Member of the Philippine House of Representatives for the Duterte Youth
- De facto
- In office June 30, 2022 – June 30, 2025

Personal details
- Born: Drixie Mae Doctor Suarez August 28, 1996 (age 29) Quezon City, Philippines
- Party: Duterte Youth (party-list)
- Spouse: None
- Relatives: Ronald Cardema (brother-in-law)
- Occupation: Politician

= Drixie Mae Cardema =

Filipino politician

Drixie Mae Suarez Cardema (born Drixie Mae Doctor Suarez; August 28, 1996) is a Filipino politician who has served as the representative for Duterte Youth since 2022.

==Early life and education==
Drixie Mae Suarez was born on August 28, 1996, in Quezon City, Philippines. She attended Mater Carmeli School in Quezon City for her high school education. She then attended the University of the Philippines Extension Program in Angeles City and graduated in 2017.

== House of Representatives (2022–present) ==
Cardema took her oath of office on May 30, 2022, becoming a Representative through the Duterte Youth Party-List, which secured a seat in the 2022 Philippine general election. As the first nominee of the party list, she succeeded to the position following the party's electoral victory.

In July 2022, Cardema filed a House resolution seeking to revert the name of the Ninoy Aquino International Airport to Manila International Airport, insisting that the name of the airport should not be "politicized". The airport is named after Benigno Aquino Jr., a critic of then-resident Ferdinand Marcos who was assassinated at the airport.

In August 2023, Cardema advocated for a larger budget allocation for the Supreme Court, requesting ₱72 billion for the judiciary branch.

In September 2024, Cardema was among the lawmakers who filed a bill seeking to restore the death penalty in the Philippines.

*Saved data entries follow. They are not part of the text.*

(* Fix integers $n \ge 2$, $1 \le i \le n-1$, and positive integers $e_1, \ldots, e_{n-1}$. For a prime $p$ and integers $a_{rs}$ ($1 \le r < s \le n-1$) with $0 \le a_{rs} < p^{e_r - 1}$, let $A = A(p,(a_{rs}))$ be the $n\times n$ upper triangular integer matrix with $A_{rr} = p^{e_r}$ for $r < n$, $A_{nn} = 1$, $A_{rs} = p\,a_{rs}$ for $1 \le r < s \le n-1$, last column $(1,\ldots,1)^T$, and zeros below the diagonal; denote its columns by $v_1, \ldots, v_n$. Then the number of choices of the tuple $\{a_{rs} : 1 \le r < s \le i\}$ (with $0 \le a_{rs} < p^{e_r-1}$) such that $v_i \circ v_i$ lies in the $\mathbb{Z}$-column span of $A$ is a polynomial in $p$; that is, there is a polynomial $P \in \mathbb{Q}[x]$ (depending on $n, i, e_1,\ldots,e_{n-1}$) such that this number equals $P(p)$ for every prime $p$.
   Context: For vectors $x=(x_1,\ldots,x_n)^T$, $y=(y_1,\ldots,y_n)^T$, $x \circ y = (x_1y_1, \ldots, x_ny_n)^T$ denotes the componentwise product. The condition $v_i \circ v_i \in \mathrm{Col}(A)$ means $v_i\circ v_i = A x$ for some $x \in \mathbb{Z}^n$; it only involves the variables $a_{rs}$ with $s \le i$. *)

theory Defs
  imports Main "HOL-Computational_Algebra.Polynomial" "HOL-Computational_Algebra.Primes"
begin

text \<open>Matrices are functions nat => nat => int with 1-based indices 1..n.\<close>
definition Amat :: "nat \<Rightarrow> (nat \<Rightarrow> nat) \<Rightarrow> int \<Rightarrow> (nat \<Rightarrow> nat \<Rightarrow> int) \<Rightarrow> nat \<Rightarrow> nat \<Rightarrow> int" where
  "Amat n e p a r s =
     (if s = n then 1
      else if r = s then p ^ (e r)
      else if r < s then p * a r s
      else 0)"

The proposed legislation aimed to reimpose capital punishment for certain heinous crimes, continuing a controversial policy position supported by former President Rodrigo Duterte during his administration.

In November 2024, Cardema made headlines when veteran lawmakers had to correct her during a congressional hearing. The incident highlighted tensions between established legislative members and representatives from newer political groups like Duterte Youth.

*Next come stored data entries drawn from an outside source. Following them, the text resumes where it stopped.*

(* Let $N$ be a positive integer, and let $\bar{\mathcal A}\subset\mathbb C^N\setminus\{\mathbf 0\}$ and $\bar{\mathcal B}_1\subset\mathcal H_{++}^N$ be convex and closed. Let $(\mathbf a^\star,\mathbf R_1^\star)$ be an optimal solution of the convex problem $$\min_{\mathbf a\in\bar{\mathcal A},\ \mathbf R_1\in\bar{\mathcal B}_1}\ \mathbf a^H\mathbf R_1^{-1}\mathbf a,$$ and let $\mathbf w^\star=\mathbf R_1^{\star-1}\mathbf a^\star/\|\mathbf R_1^{\star-1/2}\mathbf a^\star\|$. Then $$\mathbf w^{\star H}\mathbf a^\star\mathbf a^{\star H}\mathbf w^\star=\max_{\mathbf w\ne\mathbf 0}\ \min_{\mathbf a\in\bar{\mathcal A},\ \mathbf R_1\in\bar{\mathcal B}_1}\frac{\mathbf w^H\mathbf a\mathbf a^H\mathbf w}{\mathbf w^H\mathbf R_1\mathbf w}=\min_{\mathbf a\in\bar{\mathcal A},\ \mathbf R_1\in\bar{\mathcal B}_1}\ \max_{\mathbf w\ne\mathbf 0}\frac{\mathbf w^H\mathbf a\mathbf a^H\mathbf w}{\mathbf w^H\mathbf R_1\mathbf w}.$$ Moreover, $(\mathbf w^\star,\mathbf a^\star,\mathbf R_1^\star)$ is an optimal solution of both the maximin and the minimax problems.
   Context: $\mathcal H_{++}^N$ is the set of $N\times N$ Hermitian positive definite matrices; $\mathbf R^{-1/2}$ is the Hermitian positive definite inverse square root; $\|\cdot\|$ is the Euclidean norm. *)

theory Defs
  imports "HOL-Analysis.Analysis"
begin

text \<open>Complex N-vectors are \<open>complex ^ 'n\<close>, N x N complex matrices are \<open>complex ^ 'n ^ 'n\<close>,
  with N = CARD('n) arbitrary (positive).\<close>

definition hdot :: "complex ^ 'n \<Rightarrow> complex ^ 'n \<Rightarrow> complex" where
  "hdot w a = (\<Sum>i\<in>UNIV. cnj (w $ i) * a $ i)"

definition cadj :: "complex ^ 'n ^ 'n \<Rightarrow> complex ^ 'n ^ 'n" where
  "cadj R = (\<chi> i j. cnj (R $ j $ i))"

definition hermitian_mat :: "complex ^ 'n ^ 'n \<Rightarrow> bool" where
  "hermitian_mat R \<longleftrightarrow> cadj R = R"

definition hpd_mat :: "complex ^ 'n ^ 'n \<Rightarrow> bool" where
  "hpd_mat R \<longleftrightarrow> hermitian_mat R \<and> (\<forall>x. x \<noteq> 0 \<longrightarrow> Re (hdot x (R *v x)) > 0)"

definition Hpp :: "(complex ^ 'n ^ 'n) set" where
  "Hpp = {R. hpd_mat R}"

definition inv_sqrt_mat :: "complex ^ 'n ^ 'n \<Rightarrow> complex ^ 'n ^ 'n" where
  "inv_sqrt_mat R = (THE S. hpd_mat S \<and> S ** S = matrix_inv R)"

definition obj :: "complex ^ 'n \<Rightarrow> complex ^ 'n ^ 'n \<Rightarrow> real" where
  "obj a R = Re (hdot a (matrix_inv R *v a))"

definition ratio :: "complex ^ 'n \<Rightarrow> complex ^ 'n \<Rightarrow> complex ^ 'n ^ 'n \<Rightarrow> real" where
  "ratio w a R = Re (hdot w a * hdot a w) / Re (hdot w (R *v w))"

end

theory Submission
  imports Defs
begin

(*
  For fixed (a, R), Cauchy-Schwarz in the inner product of R shows that the generalised
  Rayleigh quotient w^H a a^H w / w^H R w is maximised by w = R^-1 a, with value
  a^H R^-1 a; so the minimax value is the optimum t of the convex problem.  Conversely, for
  w = R0^-1 a0, moving the optimum (a0, R0) a little towards any feasible (a, R) shows to first
  order that 2 Re (w^H a) >= t + w^H R w, and AM-GM turns this into
  w^H a a^H w >= t w^H R w.  Hence (w, a0, R0) is a saddle point of the quotient, and the
  maximin value equals the minimax value t.  Normalising by ||R0^-1/2 a0|| only makes
  w^H R0 w = 1; the Hermitian positive definite square root behind R^-1/2 exists and is unique
  by the spectral theorem for self-adjoint operators.
*)

lemma nonneg_of_nonneg_plus_linear:
  fixes s c \<delta> :: real
  assumes "0 < \<delta>" and "\<And>\<epsilon>. 0 < \<epsilon> \<Longrightarrow> \<epsilon> < \<delta> \<Longrightarrow> 0 \<le> s + \<epsilon> * c"
  shows "0 \<le> s"
proof (rule tendsto_lowerbound)
  show "((\<lambda>\<epsilon>. s + \<epsilon> * c) \<longlongrightarrow> s) (at_right 0)"
    by (auto intro!: tendsto_eq_intros)
  show "\<forall>\<^sub>F \<epsilon> in at_right 0. 0 \<le> s + \<epsilon> * c"
    using eventually_at_right_real[OF assms(1)] by eventually_elim (use assms(2) in auto)
qed simp

lemma mult_le_of_sq_le_mult:
  fixes \<theta> P Q E :: real
  assumes PQ: "P\<^sup>2 \<le> E * Q" and Q: "0 \<le> Q" and E: "0 \<le> E"
  shows "2 * \<theta> * P \<le> Q / 2 + 2 * \<theta>\<^sup>2 * E"
proof (cases "Q = 0")
  case True
  thus ?thesis using PQ E by simp
next
  case False
  hence Q: "0 < Q" using Q by simp
  have "Q / 2 + 2 * \<theta>\<^sup>2 * (P\<^sup>2 / Q) - 2 * \<theta> * P = 2 * (Q / 2 - \<theta> * P)\<^sup>2 / Q"
    using Q by (simp add: field_simps power2_eq_square)
  moreover have "0 \<le> 2 * (Q / 2 - \<theta> * P)\<^sup>2 / Q" using Q by simp
  ultimately have "2 * \<theta> * P \<le> Q / 2 + 2 * \<theta>\<^sup>2 * (P\<^sup>2 / Q)" by linarith
  also have "\<dots> \<le> Q / 2 + 2 * \<theta>\<^sup>2 * E"
    using Q PQ by (intro add_left_mono mult_left_mono) (simp_all add: pos_divide_le_eq mult.commute)
  finally show ?thesis .
qed

section \<open>Self-adjoint operators on Euclidean spaces\<close>

definition self_adjoint :: "('a::real_inner \<Rightarrow> 'a) \<Rightarrow> bool" where
  "self_adjoint f \<longleftrightarrow> linear f \<and> (\<forall>x y. f x \<bullet> y = x \<bullet> f y)"

definition positive_definite :: "('a::real_inner \<Rightarrow> 'a) \<Rightarrow> bool" where
  "positive_definite f \<longleftrightarrow> self_adjoint f \<and> (\<forall>x. x \<noteq> 0 \<longrightarrow> 0 < x \<bullet> f x)"

lemma rayleigh_maximiser_exists:
  fixes f :: "'a::euclidean_space \<Rightarrow> 'a"
  assumes lin: "linear f" and V: "subspace V" and ne: "V \<noteq> {0}"
  obtains v where "v \<in> V" "norm v = 1" "\<And>y. y \<in> V \<Longrightarrow> y \<bullet> f y \<le> (v \<bullet> f v) * (y \<bullet> y)"
proof -
  let ?K = "V \<inter> sphere 0 1"
  obtain x where x: "x \<in> V" "x \<noteq> 0" using ne V subspace_0 by blast
  have "(1 / norm x) *\<^sub>R x \<in> ?K" using x V by (simp add: subspace_scale)
  moreover have "continuous_on ?K (\<lambda>x. x \<bullet> f x)"
    using lin by (intro continuous_intros linear_continuous_on) (auto simp: linear_conv_bounded_linear)
  moreover have "compact ?K" by (simp add: V closed_subspace closed_Int_compact)
  ultimately obtain v where v: "v \<in> ?K" and vmax: "\<And>y. y \<in> ?K \<Longrightarrow> y \<bullet> f y \<le> v \<bullet> f v"
    using continuous_attains_sup[of ?K "\<lambda>x. x \<bullet> f x"] by blast
  have "y \<bullet> f y \<le> (v \<bullet> f v) * (y \<bullet> y)" if "y \<in> V" for y
  proof (cases "y = 0")
    case True thus ?thesis using lin by (simp add: linear_0)
  next
    case False
    let ?y = "(1 / norm y) *\<^sub>R y"
    have "?y \<in> ?K" using False that V by (simp add: subspace_scale)
    hence "?y \<bullet> f ?y \<le> v \<bullet> f v" by (rule vmax)
    moreover have "?y \<bullet> f ?y = (y \<bullet> f y) / (norm y)\<^sup>2"
      using lin by (simp add: linear_scale power2_eq_square)
    ultimately have "(y \<bullet> f y) / (norm y)\<^sup>2 \<le> v \<bullet> f v" by simp
    thus ?thesis using False by (simp add: pos_divide_le_eq dot_square_norm)
  qed
  with v show ?thesis by (intro that) auto
qed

Also in November 2024, Cardema publicly questioned the Constitutional Commission's criticism of political leaders, defending what she referred to as "the two most trusted leaders of the country." Her statement reflected the continued political divisions in Philippine politics following the Duterte administration.

==Political positions==
Cardema has positioned herself as a supporter of former President Rodrigo Duterte's policies, including advocacy for controversial measures such as capital punishment. As a member of Duterte Youth, she has advocated for causes aligned with the former president's political agenda.

==Personal life==
Drixie Cardema is sometimes confused with Ducielle Cardema, who is her sister, the former representative of Duterte Youth from 2019 to 2022, and wife of Ronald Cardema, who was the initial nominee in 2019 but was disqualified due to being overaged. Drixie Mae is single. Nevertheless Drixie publicly uses her brother-in-law's surname of Cardema.

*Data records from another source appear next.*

(* For $\mathbf F\in\mathcal M^n$ and $\mathbf G\in\overline{\mathcal A_n(\mathbf F)}$, we have $\mathcal D_n(\mathbf F)\subset\mathcal D_n(\mathbf G)$.
   Context: Work on an atomless probability space. $\mathcal M$ is the set of cdfs on $\mathbb{R}$. $\mathcal D_n(\mathbf F)=\{\text{cdf of }X_1+\dots+X_n:X_i\sim F_i\}$. $\mathcal Q_n$ is the set of $n\times n$ doubly stochastic matrices; $\Lambda\mathbf F$ has $i$-th component $\sum_j\Lambda_{ij}F_j$. For $x\in\mathbb{R}$, $T_x(F)$ is the distribution of $X+x$ with $X\sim F$, and for $\mathbf x\in\mathbb{R}^n$, $\mathbf T_{\mathbf x}(\mathbf F)=(T_{x_1}(F_1),\dots,T_{x_n}(F_n))$. Define $\mathcal A_n(\mathbf F)=\{\Lambda\mathbf T_{\mathbf x}(\mathbf F):\Lambda\in\mathcal Q_n,\ \mathbf x\in\mathbb{R}^n,\ x_1+\dots+x_n=0\}$, and let $\overline{\mathcal A_n(\mathbf F)}$ be the closure, with respect to (componentwise) weak convergence, of the convex hull of $\mathcal A_n(\mathbf F)$, where convex combinations of tuples are taken componentwise as mixtures of cdfs. *)

theory Defs
  imports "HOL-Probability.Probability"
begin

text \<open>n-tuples of cdfs are represented as functions of type nat => real => real;
  only the components with index i < n are relevant.\<close>

definition is_cdf :: "(real \<Rightarrow> real) \<Rightarrow> bool" where
  "is_cdf F \<longleftrightarrow> right_continuous_mono F 0 1"

definition atomless :: "'a measure \<Rightarrow> bool" where
  "atomless M \<longleftrightarrow> (\<forall>A \<in> sets M. 0 < measure M A \<longrightarrow>
      (\<exists>B \<in> sets M. B \<subseteq> A \<and> 0 < measure M B \<and> measure M B < measure M A))"

definition rv_cdf :: "'a measure \<Rightarrow> ('a \<Rightarrow> real) \<Rightarrow> real \<Rightarrow> real" where
  "rv_cdf M X = (\<lambda>t. measure M {\<omega> \<in> space M. X \<omega> \<le> t})"

definition D_set :: "'a measure \<Rightarrow> nat \<Rightarrow> (nat \<Rightarrow> real \<Rightarrow> real) \<Rightarrow> (real \<Rightarrow> real) set" where
  "D_set M n F = {H. \<exists>X :: nat \<Rightarrow> 'a \<Rightarrow> real.
      (\<forall>i<n. X i \<in> borel_measurable M \<and> rv_cdf M (X i) = F i) \<and>
      H = rv_cdf M (\<lambda>\<omega>. \<Sum>i<n. X i \<omega>)}"

definition doubly_stochastic :: "nat \<Rightarrow> (nat \<Rightarrow> nat \<Rightarrow> real) \<Rightarrow> bool" where
  "doubly_stochastic n L \<longleftrightarrow> (\<forall>i<n. \<forall>j<n. 0 \<le> L i j) \<and>
      (\<forall>i<n. (\<Sum>j<n. L i j) = 1) \<and> (\<forall>j<n. (\<Sum>i<n. L i j) = 1)"

definition shift_cdf :: "real \<Rightarrow> (real \<Rightarrow> real) \<Rightarrow> real \<Rightarrow> real" where
  "shift_cdf x F = (\<lambda>t. F (t - x))"

definition in_A :: "nat \<Rightarrow> (nat \<Rightarrow> real \<Rightarrow> real) \<Rightarrow> (nat \<Rightarrow> real \<Rightarrow> real) \<Rightarrow> bool" where
  "in_A n F G \<longleftrightarrow> (\<exists>L x. doubly_stochastic n L \<and> (\<Sum>i<n. x i) = 0 \<and>
      (\<forall>i<n. G i = (\<lambda>t. \<Sum>j<n. L i j * shift_cdf (x j) (F j) t)))"

definition in_conv_A :: "nat \<Rightarrow> (nat \<Rightarrow> real \<Rightarrow> real) \<Rightarrow> (nat \<Rightarrow> real \<Rightarrow> real) \<Rightarrow> bool" where
  "in_conv_A n F G \<longleftrightarrow> (\<exists>(m::nat) (w::nat \<Rightarrow> real) (H::nat \<Rightarrow> nat \<Rightarrow> real \<Rightarrow> real).
      (\<forall>k<m. 0 \<le> w k \<and> in_A n F (H k)) \<and> (\<Sum>k<m. w k) = 1 \<and>
      (\<forall>i<n. G i = (\<lambda>t. \<Sum>k<m. w k * H k i t)))"

text \<open>The weak topology on cdfs is metrizable (Levy metric),
  so the closure is the sequential closure.\<close>
definition in_closure_A :: "nat \<Rightarrow> (nat \<Rightarrow> real \<Rightarrow> real) \<Rightarrow> (nat \<Rightarrow> real \<Rightarrow> real) \<Rightarrow> bool" where
  "in_closure_A n F G \<longleftrightarrow> (\<forall>i<n. is_cdf (G i)) \<and>
      (\<exists>S :: nat \<Rightarrow> nat \<Rightarrow> real \<Rightarrow> real. (\<forall>k. in_conv_A n F (S k)) \<and>
         (\<forall>i<n. weak_conv (\<lambda>k. S k i) (G i)))"

end

theory Submission
  imports Defs "HOL-Library.Diagonal_Subsequence"
begin

(* By the Birkhoff-von Neumann theorem every element of the convex hull of A_n(F) is a finite
   mixture, with weights w j, of tuples (F (p j i) (t - c j i))_i with permutations p j and shift
   vectors c j summing to 0. If X_i ~ F_i and j is drawn independently of X with probability w j,
   the variables X (p j i) + c j i have these mixtures as cdfs and the same sum as the X_i.
   To pass to a weak limit G of such mixtures, only the dyadic cell of (X, p j, c j) at resolution
   2^-L inside the window [-L, L) is recorded at level L. Along a diagonal subsequence the finitely
   many cell probabilities converge, tightness of G makes the mass outside the window vanish, and
   the limits form a projective family. As M is atomless, this family is realised by nested
   partitions of M; the increasing dyadic values of the realised cells converge to variables Y_i
   with cdf G_i whose sum has the distribution of the sum of the X_i. *)

section \<open>Hall's marriage theorem and the Birkhoff--von Neumann theorem\<close>

lemma Hall_condition_remove_point:
  fixes A :: "'i \<Rightarrow> 'j set"
  assumes fin: "finite I" "\<And>i. i \<in> I \<Longrightarrow> finite (A i)" and i: "i \<in> I"
    and surplus: "\<And>S. S \<subseteq> I \<Longrightarrow> S \<noteq> {} \<Longrightarrow> S \<noteq> I \<Longrightarrow> card S < card (\<Union>(A ` S))"
    and T: "T \<subseteq> I - {i}"
  shows "card T \<le> card (\<Union>k\<in>T. A k - {j})"
proof (cases "T = {}")
  case False
  have lt: "card T < card (\<Union>(A ` T))" using surplus[OF _ False] T i by auto
  have "finite T" using T by (intro rev_finite_subset[OF fin(1)]) auto
  then have "finite (\<Union>(A ` T))" using T fin(2) by auto
  then have "card (\<Union>(A ` T)) - 1 \<le> card (\<Union>(A ` T) - {j})"
    by (metis card_Diff_singleton_if diff_le_self order_refl)
  moreover have "(\<Union>k\<in>T. A k - {j}) = \<Union>(A ` T) - {j}" by auto
  ultimately show ?thesis using lt by simp
qed simp

lemma Hall_condition_remove_critical:
  fixes A :: "'i \<Rightarrow> 'j set"
  assumes fin: "finite I" "\<And>i. i \<in> I \<Longrightarrow> finite (A i)"
    and hall: "\<And>S. S \<subseteq> I \<Longrightarrow> card S \<le> card (\<Union>(A ` S))"
    and S: "S \<subseteq> I" "card (\<Union>(A ` S)) \<le> card S" and T: "T \<subseteq> I - S"
  shows "card T \<le> card (\<Union>k\<in>T. A k - \<Union>(A ` S))"
proof -
  let ?N = "\<Union>(A ` S)"
  have finT: "finite T" and finS: "finite S" using T S fin finite_subset by blast+
  have finN: "finite ?N" using finS fin S by auto
  have "card (T \<union> S) \<le> card (\<Union>(A ` (T \<union> S)))" using T S by (intro hall) auto
  also have "\<Union>(A ` (T \<union> S)) = (\<Union>k\<in>T. A k - ?N) \<union> ?N" by auto
  also have "card ((\<Union>k\<in>T. A k - ?N) \<union> ?N) = card (\<Union>k\<in>T. A k - ?N) + card ?N"
    using finT fin T finN by (intro card_Un_disjoint) auto
  moreover have "T \<inter> S = {}" using T by auto
  ultimately show ?thesis using card_Un_disjoint[OF finT finS] S(2) by auto
qed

In the lead up to the 20th Congress, the surname usage was scrutinized noting the discrepancies of her full name in her certificate of acceptance of nomination with the Duterte Youth and her voter's registration. Ronald Cardema has defended the use stating "Drixie Mae Cardema" is her "political name" for name recall. Tonyo Cruz of the Manila Bulletin said that she may be sued for material misrepresentation in misleading the public.